From scheduler log it's visible that event from executor is processed after task is already queued for the second time.

Logic related to those logs is here:

    def _validate_and_run_task_instances(self, simple_dag_bag):
        if len(simple_dag_bag.simple_dags) > 0:
            try:
                self._process_and_execute_tasks(simple_dag_bag) # <-- task state is changed to queued here
            except Exception as e:
                self.log.error("Error queuing tasks")
                self.log.exception(e)
                return False

        # Call heartbeats
        self.log.debug("Heartbeating the executor")
        self.executor.heartbeat()

        self._change_state_for_tasks_failed_to_execute()

        # Process events from the executor
        self._process_executor_events(simple_dag_bag) # <-- notification of previous execution is processed and there is state mismatch 
        return True

This is the place where task state is changes:

    def _process_executor_events(self, simple_dag_bag, session=None):
       
       # ...
       
                if ti.try_number == try_number and ti.state == State.QUEUED:
                    msg = ("Executor reports task instance {} finished ({}) "
                           "although the task says its {}. Was the task "
                           "killed externally?".format(ti, state, ti.state))
                    Stats.incr('scheduler.tasks.killed_externally')
                    self.log.error(msg)
                    try:
                        simple_dag = simple_dag_bag.get_dag(dag_id)
                        dagbag = models.DagBag(simple_dag.full_filepath)
                        dag = dagbag.get_dag(dag_id)
                        ti.task = dag.get_task(task_id)
                        ti.handle_failure(msg)
                    except Exception:
                        self.log.error("Cannot load the dag bag to handle failure for %s"
                                       ". Setting task to FAILED without callbacks or "
                                       "retries. Do you have enough resources?", ti)
                        ti.state = State.FAILED
                        session.merge(ti)
                        session.commit()

Unfortunately I think that moving _process_executor_events before _process_and_execute_tasks would not solve the issue as event might arrive from executor while _process_and_execute_tasks is executing. Increasing poke_interval reduces chance of this race condition happening when scheduler is under a heavy load.

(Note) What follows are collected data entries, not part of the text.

(* Let $N>2s$, $s\in(0,1)$, $\varepsilon>0$, and let $V\in C(\mathbb{R}^N;[0,\infty))$ satisfy $\liminf_{|x|\to\infty}V(x)|x|^{2s}>0$. Let $K$ be a nonnegative continuous function on $\mathbb{R}^N$ with $\limsup_{|x|\to\infty}K(x)|x|^t<+\infty$ for some $t>2s$. Then the embedding $H^s_{V,\varepsilon}(\mathbb{R}^N)\subset L^2(\mathbb{R}^N,K\,dx)$ is compact.
   Context: $H^s_{V,\varepsilon}(\mathbb{R}^N)$ is the space of $u$ with $(-\Delta)^{s/2}u\in L^2(\mathbb{R}^N)$ and $u\in L^2(\mathbb{R}^N,Vdx)$, with norm $\|u\|^2=\int\varepsilon^{2s}|(-\Delta)^{s/2}u|^2+Vu^2$, where $\int|(-\Delta)^{s/2}u|^2=\int_{\mathbb{R}^{2N}}\frac{|u(x)-u(y)|^2}{|x-y|^{N+2s}}dxdy$. *)

theory Defs
  imports "HOL-Analysis.Analysis"
begin

text \<open>Gagliardo seminorm squared:
  int_{R^N x R^N} |u x - u y|^2 / |x - y|^(N + 2 s) dx dy, where N = DIM('a).
  (On the null diagonal x = y the integrand is 0 by the convention x / 0 = 0.)\<close>
definition gagliardo_sq :: "real \<Rightarrow> ('a::euclidean_space \<Rightarrow> real) \<Rightarrow> ennreal" where
  "gagliardo_sq s u =
     (\<integral>\<^sup>+ x. \<integral>\<^sup>+ y. ennreal ((u x - u y)\<^sup>2 / norm (x - y) powr (real DIM('a) + 2 * s)) \<partial>lborel \<partial>lborel)"

definition weighted_sq :: "('a::euclidean_space \<Rightarrow> real) \<Rightarrow> ('a \<Rightarrow> real) \<Rightarrow> ennreal" where
  "weighted_sq W u = (\<integral>\<^sup>+ x. ennreal (W x * (u x)\<^sup>2) \<partial>lborel)"

definition HsV_norm_sq :: "real \<Rightarrow> real \<Rightarrow> ('a::euclidean_space \<Rightarrow> real) \<Rightarrow> ('a \<Rightarrow> real) \<Rightarrow> ennreal" where
  "HsV_norm_sq s eps V u = ennreal (eps powr (2 * s)) * gagliardo_sq s u + weighted_sq V u"

definition HsV :: "real \<Rightarrow> real \<Rightarrow> ('a::euclidean_space \<Rightarrow> real) \<Rightarrow> ('a \<Rightarrow> real) set" where
  "HsV s eps V = {u. u \<in> borel_measurable lborel \<and> gagliardo_sq s u < \<infinity> \<and> weighted_sq V u < \<infinity>}"

definition L2w :: "('a::euclidean_space \<Rightarrow> real) \<Rightarrow> ('a \<Rightarrow> real) set" where
  "L2w K = {u. u \<in> borel_measurable lborel \<and> weighted_sq K u < \<infinity>}"

definition compact_embedding_HsV_L2w ::
  "real \<Rightarrow> real \<Rightarrow> ('a::euclidean_space \<Rightarrow> real) \<Rightarrow> ('a \<Rightarrow> real) \<Rightarrow> bool" where
  "compact_embedding_HsV_L2w s eps V K \<longleftrightarrow>
     HsV s eps V \<subseteq> L2w K \<and>
     (\<forall>u :: nat \<Rightarrow> 'a \<Rightarrow> real. \<forall>C :: real.
        (\<forall>k. u k \<in> HsV s eps V \<and> HsV_norm_sq s eps V (u k) \<le> ennreal C) \<longrightarrow>
        (\<exists>r v. strict_mono r \<and> v \<in> L2w K \<and>
               (\<lambda>k. weighted_sq K (\<lambda>x. u (r k) x - v x)) \<longlonglongrightarrow> 0))"
(* Let $p(0,N):=\frac{1}{2+a\varphi_N}$, $k(N):=\lfloor N/\sqrt{\log N}\rfloor$, and for $w\in\mathbb W$ let $S(w):=\max_{0\le n\le\tau_0(w)}w(n)$. Then, in $\mathbb P^{p(0,N)}_{k(N)}$-probability as $N\to\infty$, $$\max_{0\le n<\sigma_{S(W)}(W)}\big(\log_N S(W)-\log_N W(n)\big)\to0$$ and $$\max_{S(W)\ge k>0}\ \max_{\sigma_k(W)\le n<\sigma_{k-1}(W)}\big(\log_N k-\log_N W(n)\big)\to0.$$
   Context: $a>0$ and $0<\varphi_N\le1$. Let $\mathbb W$ be the set of integer sequences $w=(w(0),w(1),\dots)$ with $w(n+1)-w(n)\in\{-1,1\}$. For $p\in(0,1)$ and $k\in\mathbb Z$, $\mathbb P_k^p$ is the law on $\mathbb W$ of the simple random walk $W$ with $W(0)=k$ stepping $+1$ with probability $p$ and $-1$ with probability $1-p$. For $k\in\mathbb N_0$, $\tau_k(w):=\min\{n\in\mathbb N_0: w(n)=k\}$, and $\sigma_k(w):=\max\{n\in\mathbb N_0: w(n)=k,\ w(j)\ge1\text{ for all }j\in\{0,\dots,n-1\}\}$ is the time of the last visit of $k$ before $w$ hits $0$ (so $\sigma_0=\tau_0$). $\log_N x=\log x/\log N$. *)

theory Defs
  imports "HOL-Probability.Probability"
begin

definition step_space :: "real \<Rightarrow> (nat \<Rightarrow> bool) measure" where
  "step_space p = PiM UNIV (\<lambda>_. measure_pmf (bernoulli_pmf p))"

definition walk_of :: "int \<Rightarrow> (nat \<Rightarrow> bool) \<Rightarrow> nat \<Rightarrow> int" where
  "walk_of k \<xi> n = k + (\<Sum>i<n. if \<xi> i then 1 else -1)"

definition rw_law :: "real \<Rightarrow> int \<Rightarrow> (nat \<Rightarrow> int) measure" where
  "rw_law p k = distr (step_space p) (PiM UNIV (\<lambda>_. count_space UNIV)) (walk_of k)"

definition tau :: "int \<Rightarrow> (nat \<Rightarrow> int) \<Rightarrow> nat" where
  "tau k w = (LEAST n. w n = k)"

definition sigma :: "int \<Rightarrow> (nat \<Rightarrow> int) \<Rightarrow> nat" where
  "sigma k w = (GREATEST n. w n = k \<and> (\<forall>j<n. w j \<ge> 1))"

definition Smax :: "(nat \<Rightarrow> int) \<Rightarrow> int" where
  "Smax w = Max {w n | n. n \<le> tau 0 w}"

definition logN :: "nat \<Rightarrow> real \<Rightarrow> real" where
  "logN N x = ln x / ln (real N)"

definition p0N :: "real \<Rightarrow> (nat \<Rightarrow> real) \<Rightarrow> nat \<Rightarrow> real" where
  "p0N a \<phi> N = 1 / (2 + a * \<phi> N)"

definition kN :: "nat \<Rightarrow> int" where
  "kN N = \<lfloor>real N / sqrt (ln (real N))\<rfloor>"

end

theory Submission
  imports Defs
begin

(* For p = p(0,N) < 1/2 the walk is a supermartingale until it is absorbed at 0, and it is
   absorbed almost surely: while it stays positive, the exponential supermartingale
   (sqrt((1-p)/p))^W decays by the factor 2 sqrt(p(1-p)) < 1 per step.
   Either event can only fail if, before absorption, the walk rises from some level y to a level
   above y N^eps: before sigma_S it returns from W(n) to the maximum S, and between sigma_k and
   sigma_(k-1) it returns from W(n) to k - 1. By optional stopping, a walk that has been at height
   at most h reaches height H before 0 with probability at most h/H. Sorting the starting level y
   into the dyadic scales 2^j with j <= 2 log_2 N, every scale costs at most 4 N^-eps, and a start
   above N^2 is reached from k(N) <= N with probability at most 1/N. So the failure probability is
   O(log N N^-eps) + 1/N. *)

lemma Ex_le_Suc2: "(\<exists>i\<le>Suc n. P i) \<longleftrightarrow> P 0 \<or> (\<exists>i\<le>n. P (Suc i))"
  unfolding less_Suc_eq_le[symmetric] by (rule Ex_less_Suc2)

lemma All_le_Suc2: "(\<forall>i\<le>Suc n. P i) \<longleftrightarrow> P 0 \<and> (\<forall>i\<le>n. P (Suc i))"
  unfolding less_Suc_eq_le[symmetric] by (rule All_less_Suc2)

I'm not too familiar with Airflow code base, but it seems that the root cause is the way how reschedule works and the fact that try_number is not changing. Because of that scheduler thinks that event for past execution is for the ongoing one.

@freedom1989
Copy link

The cause is clear as @rafalkozik mentioned. After scheduler schedule the task at the second time(put it in queue) and then it start process the executor events of the task's first-try. It occurs when the scheduling loop time > sensor task reschedule interval.
Either reducing the scheduler looping time(dag processing time, etc) or increasing the sensor task reschedule interval will work.

The bug can also be fixed if the rescheduled task instance use a different try number, but this will cause a lot of log files.

    def _process_executor_events(self, simple_dag_bag, session=None):
       
       # ...
       
                if ti.try_number == try_number and ti.state == State.QUEUED:  # <-- try number for a sensor task is always the same
                    msg = ("Executor reports task instance {} finished ({}) "
                           "although the task says its {}. Was the task "
                           "killed externally?".format(ti, state, ti.state))
                    Stats.incr('scheduler.tasks.killed_externally')
                    self.log.error(msg)
                    try:
                        simple_dag = simple_dag_bag.get_dag(dag_id)
                        dagbag = models.DagBag(simple_dag.full_filepath)
                        dag = dagbag.get_dag(dag_id)
                        ti.task = dag.get_task(task_id)
                        ti.handle_failure(msg)
                    except Exception:
                        self.log.error("Cannot load the dag bag to handle failure for %s"
                                       ". Setting task to FAILED without callbacks or "
                                       "retries. Do you have enough resources?", ti)
                        ti.state = State.FAILED
                        session.merge(ti)
                        session.commit()

@turbaszek
Copy link
Member

The bug can also be fixed if the rescheduled task instance use a different try number, but this will cause a lot of log files.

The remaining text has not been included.